Ebenfalls ist ein Soldat mit Schweinsgesicht dargestellt. Er trägt ein Halstuch mit einem Davidstern und einen Helm mit der Aufschrift „Mossad“, der Bezeichnung des israelischen Auslandsgeheimdienstes. „Das ist eine klare Grenzüberschreitung“, sagte Mendel am Montag. „Diese Bilder lassen überhaupt keinen Interpretationsspielraum zu. Das ist klare antisemitische Hetze“, erklärte Mendel. Das Werk müsse umgehend abgedeckt oder bestenfalls entfernt werden, forderte er. Im zweiten Schritt brauche es einen Dialog darüber, was schiefgelaufen sei und wo die blinden Flecken dieser documenta seien.
Mendel hatte sich bislang in der schon seit Monaten schwelenden Antisemitismus-Debatte um die diesjährige documenta hinter die Schau gestellt. Er sagte, er sehe dort keinen Antisemitismus, kritisierte aber die fehlenden Positionen von jüdischen Künstlern aus Israel. Dem indonesischen Kuratorenkollektiv Ruangrupa war zum Jahresbeginn von einem Kasseler Bündnis vorgeworfen worden, auch Organisationen einzubinden, die den kulturellen Boykott Israels unterstützten oder antisemitisch seien.
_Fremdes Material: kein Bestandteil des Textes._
definition OPT :: "nat \<Rightarrow> (nat \<Rightarrow> nat) \<Rightarrow> (nat \<Rightarrow> nat) \<Rightarrow> nat" where
  "OPT n p d = (LEAST m. \<exists>tau. feasible n p d tau \<and> card (tau ` {1..n}) = m)"

primrec ff_sched :: "nat \<Rightarrow> (nat \<Rightarrow> nat) \<Rightarrow> (nat \<Rightarrow> nat) \<Rightarrow> (nat \<Rightarrow> nat)" where
  "ff_sched 0 p d = (\<lambda>_. 0)"
| "ff_sched (Suc k) p d =
     (let sigma = ff_sched k p d;
          load = (\<lambda>m. \<Sum>i\<in>{i\<in>{1..k}. sigma i = m}. p i)
      in sigma(Suc k := (LEAST m. 1 \<le> m \<and> load m + p (Suc k) \<le> d (Suc k))))"

definition FF :: "nat \<Rightarrow> (nat \<Rightarrow> nat) \<Rightarrow> (nat \<Rightarrow> nat) \<Rightarrow> nat" where
  "FF n p d = card (ff_sched n p d ` {1..n})"

end

theory Submission
  imports Defs
begin

text \<open>If one machine suffices, every prefix of jobs meets its last deadline, so first-fit
  keeps all jobs on machine 1.

  Let two machines suffice and suppose first-fit sends job \<open>j\<close> beyond machine 3. Let \<open>u\<close>
  be the optimal machine of \<open>j\<close>, and \<open>a\<close>, \<open>b\<close> the work before \<open>j\<close> on \<open>u\<close> and on the
  other optimal machine \<open>v\<close>. As \<open>j\<close> fits after \<open>a\<close> but on no first-fit machine,
  \<open>a < L m\<close> for the first-fit loads \<open>L 1, L 2, L 3\<close>. So some job before \<open>j\<close> lies on \<open>v\<close>
  and on first-fit machine 2 or 3; let \<open>z\<close> be the last one and \<open>m\<close> its first-fit machine.
  The \<open>v\<close>-work up to \<open>z\<close> meets \<open>d z\<close>, which \<open>z\<close> overflowed on machine 1, and all later
  \<open>v\<close>-work went to machine 1, so \<open>b < L 1 + L m\<close>. With \<open>a\<close> below the third load this
  gives \<open>a + b < L 1 + L 2 + L 3 = a + b\<close>.\<close>

definition ff_machine :: "(nat \<Rightarrow> nat) \<Rightarrow> (nat \<Rightarrow> nat) \<Rightarrow> nat \<Rightarrow> nat" where
  "ff_machine p d i = ff_sched i p d i"

definition ff_load :: "(nat \<Rightarrow> nat) \<Rightarrow> (nat \<Rightarrow> nat) \<Rightarrow> nat \<Rightarrow> nat \<Rightarrow> nat" where
  "ff_load p d k m = (\<Sum>i\<in>{1..k}. if ff_machine p d i = m then p i else 0)"

lemma sum_atLeastAtMost_split:
  fixes f :: "nat \<Rightarrow> 'a::comm_monoid_add"
  assumes "z \<le> k"
  shows "(\<Sum>i\<in>{1..k}. f i) = (\<Sum>i\<in>{1..z}. f i) + (\<Sum>i\<in>{Suc z..k}. f i)"
  using sum.ub_add_nat[of 1 z f "k - z"] assms by simp

lemma ff_sched_eq_ff_machine:
  "1 \<le> i \<Longrightarrow> i \<le> k \<Longrightarrow> ff_sched k p d i = ff_machine p d i"
proof (induction k)
  case (Suc k)
  then show ?case by (cases "i = Suc k") (simp_all add: ff_machine_def Let_def)
qed simp

lemma ff_machine_Suc:
  "ff_machine p d (Suc k) = (LEAST m. 1 \<le> m \<and> ff_load p d k m + p (Suc k) \<le> d (Suc k))"
proof -
  have "(\<Sum>i\<in>{i\<in>{1..k}. ff_sched k p d i = m}. p i) = ff_load p d k m" for m
    unfolding ff_load_def sum.inter_filter[OF finite_atLeastAtMost, symmetric]
    by (intro sum.cong) (auto simp: ff_sched_eq_ff_machine)
  then show ?thesis by (simp add: ff_machine_def Let_def)
qed

lemma ff_load_unused_machine: "\<exists>m\<ge>1. ff_load p d k m = 0"
proof -
  define m where "m = Suc (Max (ff_machine p d ` {1..k}))"
  have "ff_machine p d i \<noteq> m" if "i \<in> {1..k}" for i
  proof -
    have "ff_machine p d i \<le> Max (ff_machine p d ` {1..k})"
      using that by (intro Max_ge) auto
    then show ?thesis unfolding m_def by simp
  qed
  then have "ff_load p d k m = 0"
    unfolding ff_load_def by (intro sum.neutral) simp
  moreover have "1 \<le> m" unfolding m_def by simp
  ultimately show ?thesis by blast
qed

lemma ff_machine_pos:
  assumes "1 \<le> i" "p i \<le> d i"
  shows "1 \<le> ff_machine p d i"
proof -
  obtain k where i: "i = Suc k" using assms(1) by (cases i) auto
  obtain m where "1 \<le> m" "ff_load p d k m = 0"
    using ff_load_unused_machine by blast
  then have "1 \<le> m \<and> ff_load p d k m + p (Suc k) \<le> d (Suc k)"
    using assms(2) i by simp
  from LeastI[of "\<lambda>m. 1 \<le> m \<and> ff_load p d k m + p (Suc k) \<le> d (Suc k)", OF this]
  show ?thesis by (simp add: i ff_machine_Suc)
qed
Zwar sei nicht die gesamte Ausstellung sei als antisemitisch zu bezeichnen. „Man muss da differenzieren ... Aber so etwas sollte nicht passieren.“ Die Verantwortung, dafür Sorge zu tragen, läge nun bei den Kuratoren und der Leitung der documenta fifteen.
Antisemitismus-Vorwürfe nicht ausgeräumt
Selten habe eine documenta im Vorfeld eine so heftige und kritische Debatte hervorgerufen wie die diesjährige, sagte Steinmeier in seiner Eröffnungsrede mit Blick auf die Antisemitismus-Debatte um die diesjährige Schau. Dem indonesischen Kuratorenkollektiv Ruangrupa war von einem Kasseler Bündnis vorgeworfen worden, auch Organisationen einzubinden, die den kulturellen Boykott Israels unterstützten oder antisemitisch seien.
Kritik an den verantwortlichen Machern der documenta fifteen übte auch der Antisemitismusbeauftragte der Bundesregierung. „Es ist den Verantwortlichen der documenta nicht gelungen, die Antisemitismus-Vorwürfe in glaubwürdiger Weise auszuräumen. Das bedaure ich sehr, insbesondere nach der hierzu erhitzt geführten öffentlichen Diskussion“, sagte Felix Klein der Bild am Sonntag. Er teile die kritische Einschätzung des Bundespräsidenten. „Es kann nicht sein, dass Antisemitismus Teil des von der öffentlichen Hand geförderten künstlerischen Diskurses ist.“
Absichtliche Diffamierung Israels
In den zurückliegenden Wochen sei es der documenta fifteen leider nicht vollständig gelungen, „den von ihr selbst erzeugten Eindruck zu widerlegen, man würde dem israelbezogenen Antisemitismus mithilfe mindestens eines künstlerischen Beitrags mittelbar ein Podium ermöglichen“, monierte auch der Antisemitismusbeauftragte der Hessischen Landesregierung, Uwe Becker. Gemeint ist damit der Beitrag der palästinensischen Gruppe The Question of Funding, an der sich die Antisemitismusdebatte entzündete.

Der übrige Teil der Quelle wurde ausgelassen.